**The problem:** Copy every line in the records below that contains the word "using".
━━━━━━━━━━━━━━━━
lemma subset_weight_Un:
  assumes "finite C" "T \<subseteq> C" "R\<^sub>1 \<subseteq> T" "R\<^sub>2 \<subseteq> C - T"
  shows "subset_weight p C (R\<^sub>1 \<union> R\<^sub>2) = subset_weight p T R\<^sub>1 * subset_weight p (C - T) R\<^sub>2"
proof -
  have finT: "finite T"
    using finite_subset[OF assms(2,1)] .
  have fin: "finite R\<^sub>1" "finite R\<^sub>2" "finite (T - R\<^sub>1)" "finite (C - T - R\<^sub>2)"
    using finite_subset[OF assms(3) finT] finite_subset[OF assms(4)] finT assms(1) by simp_all
  have "card (R\<^sub>1 \<union> R\<^sub>2) = card R\<^sub>1 + card R\<^sub>2"
    using assms(3,4) fin by (intro card_Un_disjoint) auto
  moreover have "C - (R\<^sub>1 \<union> R\<^sub>2) = (T - R\<^sub>1) \<union> (C - T - R\<^sub>2)"
    using assms(2,3,4) by blast
  moreover have "card ((T - R\<^sub>1) \<union> (C - T - R\<^sub>2)) = card (T - R\<^sub>1) + card (C - T - R\<^sub>2)"
    using fin by (intro card_Un_disjoint) auto
  ultimately show ?thesis
    unfolding subset_weight_def by (simp add: power_add)
qed

text \<open>Under the product weight, \<open>R \<inter> T\<close> is distributed like a random subset of \<open>T\<close>.\<close>
lemma sum_subset_weight_restrict:
  assumes "finite C" "T \<subseteq> C"
  shows "(\<Sum>R\<in>Pow C. subset_weight p C R * f (R \<inter> T)) = (\<Sum>R\<in>Pow T. subset_weight p T R * f R)"
proof -
  have "(\<Sum>R\<in>Pow C. subset_weight p C R * f (R \<inter> T))
      = (\<Sum>(R\<^sub>1, R\<^sub>2)\<in>Pow T \<times> Pow (C - T). subset_weight p C (R\<^sub>1 \<union> R\<^sub>2) * f ((R\<^sub>1 \<union> R\<^sub>2) \<inter> T))"
    by (rule sum.reindex_bij_witness[of _ "\<lambda>(R\<^sub>1, R\<^sub>2). R\<^sub>1 \<union> R\<^sub>2" "\<lambda>R. (R \<inter> T, R - T)"])
      (use assms(2) in \<open>auto simp: Int_Diff_Un\<close>)
  also have "\<dots> = (\<Sum>(R\<^sub>1, R\<^sub>2)\<in>Pow T \<times> Pow (C - T).
      subset_weight p T R\<^sub>1 * f R\<^sub>1 * subset_weight p (C - T) R\<^sub>2)"
  proof -
    have "(R\<^sub>1 \<union> R\<^sub>2) \<inter> T = R\<^sub>1" if "R\<^sub>1 \<subseteq> T" "R\<^sub>2 \<subseteq> C - T" for R\<^sub>1 R\<^sub>2
      using that by blast
    then show ?thesis
      using subset_weight_Un[OF assms] by (intro sum.cong refl) auto
  qed
  also have "\<dots> = (\<Sum>R\<^sub>1\<in>Pow T. \<Sum>R\<^sub>2\<in>Pow (C - T).
      subset_weight p T R\<^sub>1 * f R\<^sub>1 * subset_weight p (C - T) R\<^sub>2)"
    by (rule sum.cartesian_product[symmetric])
  also have "\<dots> = (\<Sum>R\<^sub>1\<in>Pow T. subset_weight p T R\<^sub>1 * f R\<^sub>1)"
    using assms(1) by (simp add: sum_distrib_left[symmetric] sum_subset_weight)
  finally show ?thesis .
qed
━━━━━━━━━━━━━━━━
**Exercise solution:**
    using finite_subset[OF assms(2,1)] .
    using finite_subset[OF assms(3) finT] finite_subset[OF assms(4)] finT assms(1) by simp_all
    using assms(3,4) fin by (intro card_Un_disjoint) auto
    using assms(2,3,4) by blast
    using fin by (intro card_Un_disjoint) auto
      using that by blast
      using subset_weight_Un[OF assms] by (intro sum.cong refl) auto
    using assms(1) by (simp add: sum_distrib_left[symmetric] sum_subset_weight)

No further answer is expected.